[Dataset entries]
text \<open>The integrand is the derivative of \<open>u \<mapsto> - exp (compensator w t (t + u / (2 * RR w)) - u)\<close>.\<close>
lemma holding_time_has_integral:
  assumes w: "nonneg_pt w" and tH: "t \<le> H"
  shows "((\<lambda>u. jump_laplace w (t + u / (2 * RR w)) * exp (compensator w t (t + u / (2 * RR w)) - u))
           has_integral 1 - exp (compensator w t H - 2 * RR w * (H - t))) {0 .. 2 * RR w * (H - t)}"
proof -
  define R where "R = RR w"
  have R: "R \<ge> 1" using RR_ge_1[OF w] by (simp add: R_def)
  define uH where "uH = 2 * R * (H - t)"
  have uH: "uH \<ge> 0" using tH R by (simp add: uH_def)
  define sf where "sf u = t + u / (2 * R)" for u
  define Phi where "Phi u = exp (compensator w t (sf u) - u)" for u
  define S where "S = insert 0 ((\<lambda>v. 2 * R * (v - t)) ` (sb ` J \<union> eb ` J))"
  have der: "((\<lambda>u. - Phi u) has_vector_derivative jump_laplace w (sf u) * Phi u) (at u)"
    if u: "u \<in> {0..uH} - S" for u
  proof -
    have sf_inv: "u = 2 * R * (sf u - t)" unfolding sf_def using R by simp
    have "t < sf u" using u R by (auto simp: S_def sf_def)
    moreover have "sf u \<notin> sb ` J \<union> eb ` J"
    proof
      assume "sf u \<in> sb ` J \<union> eb ` J"
      hence "u \<in> S" unfolding S_def by (subst sf_inv) blast
      with u show False by simp
    qed
    ultimately have "((\<lambda>s. compensator w t s) has_real_derivative
                       2 * R * (1 - jump_laplace w (sf u))) (at (sf u))"
      unfolding R_def by (intro compensator_has_derivative) auto
    moreover have "(sf has_real_derivative 1 / (2 * R)) (at u)"
      unfolding sf_def using R by (auto intro!: derivative_eq_intros)
    ultimately have "((\<lambda>u. compensator w t (sf u)) has_real_derivative
            2 * R * (1 - jump_laplace w (sf u)) * (1 / (2 * R))) (at u)"
      by (rule DERIV_chain2)
    hence "((\<lambda>u. - Phi u) has_real_derivative - (Phi u * (1 - jump_laplace w (sf u) - 1))) (at u)"
      unfolding Phi_def using R by (auto intro!: derivative_eq_intros)
    thus ?thesis by (simp add: has_real_derivative_iff_has_vector_derivative algebra_simps)
  qed
  have "finite S" using finite_J by (simp add: S_def)
  moreover have "continuous_on {0..uH} (\<lambda>u. - Phi u)"
    unfolding Phi_def sf_def compensator_def overlap_def using R by (intro continuous_intros) auto
  ultimately have "((\<lambda>u. jump_laplace w (sf u) * Phi u) has_integral - Phi uH - - Phi 0) {0..uH}"
    using uH der by (intro fundamental_theorem_of_calculus_strong) auto
  moreover have "sf uH = H" "sf 0 = t" using R by (simp_all add: sf_def uH_def)
  ultimately show ?thesis by (simp add: Phi_def sf_def uH_def R_def)
qed

lemma nn_integral_holding_time:
  assumes w: "nonneg_pt w" and tH: "t \<le> H"
  shows "(\<integral>\<^sup>+U. ennreal (exponential_density 1 U * holding_weight w t U) \<partial>lborel) = 1"
    (is "(\<integral>\<^sup>+U. ennreal (?h U) \<partial>lborel) = 1")
proof -
  define R where "R = RR w"
  have R: "R \<ge> 1" using RR_ge_1[OF w] by (simp add: R_def)
  define uH where "uH = 2 * R * (H - t)"
  have uH: "uH \<ge> 0" using tH R by (simp add: uH_def)
  define q where "q = exp (compensator w t H - uH)"
  define f1 where "f1 u = (if u \<in> {0..uH} then jump_laplace w (t + u / (2 * R)) *
                             exp (compensator w t (t + u / (2 * R)) - u) else 0)" for u
  define f2 where "f2 u = (if u \<in> {uH..} then exp (compensator w t H) * exp (- 1 * u) else 0)" for u
  have f_nonneg: "f1 u \<ge> 0" "f2 u \<ge> 0" for u
    using jump_laplace_pos[OF w] by (simp_all add: f1_def f2_def less_imp_le)
  have [measurable]: "(\<lambda>x::real. w) \<in> measurable borel borel_pt" by (simp add: space_pair_measure)
  have f_meas: "f1 \<in> borel_measurable borel" "f2 \<in> borel_measurable borel"
    unfolding f1_def f2_def jump_laplace_def by measurable
  have I1: "(f1 has_integral (1 - q)) UNIV"
    using holding_time_has_integral[OF w tH]
    unfolding f1_def has_integral_restrict_UNIV q_def uH_def R_def .
  have "((\<lambda>u. exp (compensator w t H) * exp (- 1 * u)) has_integral
          exp (compensator w t H) * (exp (- 1 * uH) / 1)) {uH..}"
    by (intro has_integral_mult_right has_integral_exp_minus_to_infinity) simp
  hence I2: "(f2 has_integral q) UNIV"
    unfolding f2_def has_integral_restrict_UNIV q_def by (simp add: exp_diff exp_minus field_simps)
  have "1 - q \<ge> 0" by (rule has_integral_nonneg[OF I1]) (rule f_nonneg)
  have split: "?h u = f1 u + f2 u" if "u \<noteq> uH" for u
  proof -
    have "H < t + u / (2 * R) \<longleftrightarrow> uH < u" using R by (simp add: uH_def field_simps)
    thus ?thesis using that uH
      by (auto simp: f1_def f2_def holding_weight_def exponential_density_def R_def Let_def
                     exp_diff exp_minus field_simps)
  qed
  have "(\<integral>\<^sup>+U. ennreal (?h U) \<partial>lborel) = (\<integral>\<^sup>+U. ennreal (f1 U) + ennreal (f2 U) \<partial>lborel)"
    using AE_lborel_singleton[of uH]
    by (intro nn_integral_cong_AE) (auto elim!: eventually_mono simp: split f_nonneg)
  also have "\<dots> = (\<integral>\<^sup>+U. ennreal (f1 U) \<partial>lborel) + (\<integral>\<^sup>+U. ennreal (f2 U) \<partial>lborel)"
    by (rule nn_integral_add) (use f_meas in auto)
  also have "\<dots> = ennreal (1 - q) + ennreal q"
    using nn_integral_has_integral_lborel[OF f_meas(1) f_nonneg(1) I1]
      nn_integral_has_integral_lborel[OF f_meas(2) f_nonneg(2) I2] by simp
  also have "\<dots> = 1"
    using \<open>1 - q \<ge> 0\<close> by (simp add: q_def ennreal_plus[symmetric] del: ennreal_plus)
  finally show ?thesis .
qed

lemma nn_integral_tilt_factor_given_holding:
  assumes w: "nonneg_pt w" and tH: "t \<le> H"
  shows "(\<integral>\<^sup>+y. ennreal (tilt_factor w t (U, y)) \<partial>(Unif01 \<Otimes>\<^sub>M Exp1)) = ennreal (holding_weight w t U)"
proof -
  interpret UE: prob_space "Unif01 \<Otimes>\<^sub>M Exp1"
    by (intro prob_space_pair prob_space_exponential_density prob_space_uniform_measure) auto
  define t' where "t' = t + U / (2 * RR w)"
  show ?thesis
  proof (cases "H < t'")
    case True
    thus ?thesis using w tH
      by (simp add: tilt_factor_def holding_weight_def t'_def UE.emeasure_space_1)
  next
    case False
    have "(\<integral>\<^sup>+y. ennreal (tilt_factor w t (U, y)) \<partial>(Unif01 \<Otimes>\<^sub>M Exp1))
        = (\<integral>\<^sup>+y. ennreal (exp (compensator w t t')) *
             ennreal (if fst y < PP w then exp (- theta t' * snd y) else exp (- phi t' * snd y))
           \<partial>(Unif01 \<Otimes>\<^sub>M Exp1))"
      by (rule nn_integral_cong)
         (use False w tH in \<open>auto simp: tilt_factor_def t'_def jump_def Let_def ennreal_mult'[symmetric]\<close>)
    also have "\<dots> = ennreal (exp (compensator w t t')) * ennreal (jump_laplace w t')"
      using PP_bounds[OF w] theta_phi_gt
      by (simp add: nn_integral_cmult nn_integral_jump_laplace jump_laplace_def)
    also have "\<dots> = ennreal (holding_weight w t U)"
      using False by (simp add: holding_weight_def t'_def[symmetric] ennreal_mult'[symmetric])
    finally show ?thesis .
  qed
qed

lemma nn_integral_tilt_factor: "(\<integral>\<^sup>+x. ennreal (tilt_factor w t x) \<partial>Dstep) = 1"
proof (cases "nonneg_pt w \<and> t \<le> H")
  case False
  interpret prob_space Dstep by (rule prob_space_Dstep)
  have "(\<integral>\<^sup>+x. ennreal (tilt_factor w t x) \<partial>Dstep) = (\<integral>\<^sup>+x. 1 \<partial>Dstep)"
    by (rule nn_integral_cong) (use False in \<open>auto simp: tilt_factor_def\<close>)
  thus ?thesis by (simp add: emeasure_space_1)
next
  case True
  hence w: "nonneg_pt w" and tH: "t \<le> H" by auto
  interpret UE: prob_space "Unif01 \<Otimes>\<^sub>M Exp1"
    by (intro prob_space_pair prob_space_exponential_density prob_space_uniform_measure) auto
  have [measurable]: "(\<lambda>x::real. w) \<in> measurable borel borel_pt"
    "(\<lambda>x::real \<times> real \<times> real. w) \<in> measurable borel_step borel_pt"
    by (simp_all add: space_pair_measure)
  have "(\<lambda>x. ennreal (tilt_factor w t x)) \<in> borel_measurable (Exp1 \<Otimes>\<^sub>M (Unif01 \<Otimes>\<^sub>M Exp1))"
    unfolding measurable_cong_sets[OF sets_Dstep[unfolded Dstep_def] refl] by measurable
  hence "(\<integral>\<^sup>+x. ennreal (tilt_factor w t x) \<partial>Dstep)
       = (\<integral>\<^sup>+U. \<integral>\<^sup>+y. ennreal (tilt_factor w t (U, y)) \<partial>(Unif01 \<Otimes>\<^sub>M Exp1) \<partial>Exp1)"
    unfolding Dstep_def by (rule UE.nn_integral_fst[symmetric])
  also have "\<dots> = (\<integral>\<^sup>+U. ennreal (holding_weight w t U) \<partial>Exp1)"
    by (simp add: nn_integral_tilt_factor_given_holding[OF w tH])
  also have "\<dots> = (\<integral>\<^sup>+U. ennreal (exponential_density 1 U * holding_weight w t U) \<partial>lborel)"
  proof -
    have "(\<lambda>U. ennreal (holding_weight w t U)) \<in> borel_measurable lborel"
      unfolding holding_weight_def jump_laplace_def Let_def measurable_lborel2 by measurable
    thus ?thesis
      by (subst nn_integral_density) (auto simp: ennreal_mult'[symmetric] exponential_density_nonneg)
  qed
  also have "\<dots> = 1" by (rule nn_integral_holding_time[OF w tH])
  finally show ?thesis .
qed

lemma nn_integral_tilt_prod: "(\<integral>\<^sup>+\<omega>. ennreal (tilt_prod K w t \<omega>) \<partial>QQ) = 1"
proof (induction K arbitrary: w t)
  case 0
  interpret prob_space QQ by (rule prob_space_QQ)
  show ?case by (simp add: tilt_prod_def emeasure_space_1)
next
  case (Suc K)
  have "(\<integral>\<^sup>+\<omega>. ennreal (tilt_prod (Suc K) w t \<omega>) \<partial>QQ)
      = (\<integral>\<^sup>+x. (\<integral>\<^sup>+\<omega>. ennreal (tilt_prod (Suc K) w t (case_nat x \<omega>)) \<partial>QQ) \<partial>Dstep)"
    by (rule nn_integral_QQ_case_nat) measurable
  also have "\<dots> = (\<integral>\<^sup>+x. ennreal (tilt_factor w t x) *
       (\<integral>\<^sup>+\<omega>. ennreal (tilt_prod K (jump w x) (t + fst x / (2 * RR w)) \<omega>) \<partial>QQ) \<partial>Dstep)"
    by (intro nn_integral_cong)
       (simp add: tilt_prod_Suc ennreal_mult' tilt_factor_pos[THEN less_imp_le] nn_integral_cmult)
  also have "\<dots> = 1" by (simp add: Suc.IH nn_integral_tilt_factor)
  finally show ?case .
qed

end

section \<open>The tilted product along a sample path\<close>

locale tilted_path = tilting +
  fixes w0 :: pt and \<omega> :: "nat \<Rightarrow> real \<times> real \<times> real" and Y :: "real \<Rightarrow> pt"
    and lb :: "int \<Rightarrow> real"
  assumes holding_pos: "\<And>i. fst (\<omega> i) > 0" and jump_pos: "\<And>i. snd (snd (\<omega> i)) > 0"
    and H_nonneg: "0 \<le> H"
    and xi_eq_path: "\<And>r. 0 \<le> r \<Longrightarrow> r \<le> H \<Longrightarrow> xi w0 \<omega> r = Y r"
    and path_mono: "\<And>r r'. 0 \<le> r \<Longrightarrow> r \<le> r' \<Longrightarrow> r' \<le> H \<Longrightarrow>
                      fst (Y r) \<le> fst (Y r') \<and> snd (Y r) \<le> snd (Y r')"
    and path_nonneg: "\<And>r. 0 \<le> r \<Longrightarrow> r \<le> H \<Longrightarrow> nonneg_pt (Y r)"
    and blocks_in_horizon: "\<And>j. j \<in> J \<Longrightarrow> 0 \<le> sb j \<and> sb j \<le> eb j \<and> eb j \<le> H"
    and block_rate_ge: "\<And>j r. j \<in> J \<Longrightarrow> sb j < r \<Longrightarrow> r < eb j \<Longrightarrow> lb j \<le> block_rate j (Y r)"
begin

abbreviation "Z k \<equiv> chain w0 \<omega> k"
abbreviation "tau k \<equiv> jtime w0 \<omega> k"
abbreviation "tau_H k \<equiv> min (tau (Suc k)) H"

lemma tau_Suc: "tau (Suc k) = tau k + fst (\<omega> k) / (2 * RR (Z k))"
  by (rule jtime.simps(2))

declare jtime.simps(2)[simp del]

lemma njumps_0: "njumps w0 \<omega> 0 = 0"
  unfolding njumps_def
proof (rule Least_equality)
  show "\<not> (0 < RR (Z 0) \<and> tau (Suc 0) \<le> 0)"
  proof
    assume h: "0 < RR (Z 0) \<and> tau (Suc 0) \<le> 0"
    hence "fst (\<omega> 0) / (2 * RR w0) > 0" using holding_pos[of 0] by (intro divide_pos_pos) auto
    thus False using h by (simp add: tau_Suc)
  qed
qed simp

lemma start_eq: "w0 = Y 0"
  using xi_eq_path[of 0] H_nonneg njumps_0 unfolding xi_def by simp

lemma chain_nonneg: "nonneg_pt (Z k)"
proof (induction k)
  case 0 thus ?case using start_eq path_nonneg[of 0] H_nonneg by simp
next
  case (Suc k)
  thus ?case using jump_pos[of k] unfolding chain_Suc_jump jump_def nonneg_pt_def by auto
qed

lemma RR_chain_ge_1: "RR (Z k) \<ge> 1"
  using RR_ge_1[OF chain_nonneg] .

lemma tau_less: "tau k < tau (Suc k)"
  using holding_pos[of k] RR_chain_ge_1[of k] by (simp add: divide_pos_pos tau_Suc)

lemma tau_strict_mono: "strict_mono tau"
  unfolding strict_mono_Suc_iff using tau_less by blast

lemma tau_le_iff: "tau i \<le> tau k \<longleftrightarrow> i \<le> k"
  using tau_strict_mono by (simp add: strict_mono_less_eq)

lemma tau_less_iff: "tau i < tau k \<longleftrightarrow> i < k"
  using tau_strict_mono by (simp add: strict_mono_less)

lemma tau_nonneg: "0 \<le> tau k"
  using tau_le_iff[of 0 k] by simp

lemma njumps_eq:
  assumes "tau m \<le> r" "r < tau (Suc m)"
  shows "njumps w0 \<omega> r = m"
  unfolding njumps_def
proof (rule Least_equality)
  show "\<not> (0 < RR (Z m) \<and> tau (Suc m) \<le> r)" using assms by simp
next
  fix y assume y: "\<not> (0 < RR (Z y) \<and> tau (Suc y) \<le> r)"
  show "m \<le> y"
  proof (rule ccontr)
    assume "\<not> m \<le> y"
    hence "tau (Suc y) \<le> tau m" using tau_le_iff by simp
    thus False using y assms RR_chain_ge_1[of y] by simp
  qed
qed

lemma xi_eq_chain: "tau m \<le> r \<Longrightarrow> r < tau (Suc m) \<Longrightarrow> xi w0 \<omega> r = Z m"
  unfolding xi_def using njumps_eq by simp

• _Task to complete_:
Return, with no change at all, every line in the entries above from the line containing "using jump_laplace_pos[OF w]" through the line containing "unfolding f1_def f2_def".

• _Result_:
    using jump_laplace_pos[OF w] by (simp_all add: f1_def f2_def less_imp_le)
  have [measurable]: "(\<lambda>x::real. w) \<in> measurable borel borel_pt" by (simp add: space_pair_measure)
  have f_meas: "f1 \<in> borel_measurable borel" "f2 \<in> borel_measurable borel"
    unfolding f1_def f2_def jump_laplace_def by measurable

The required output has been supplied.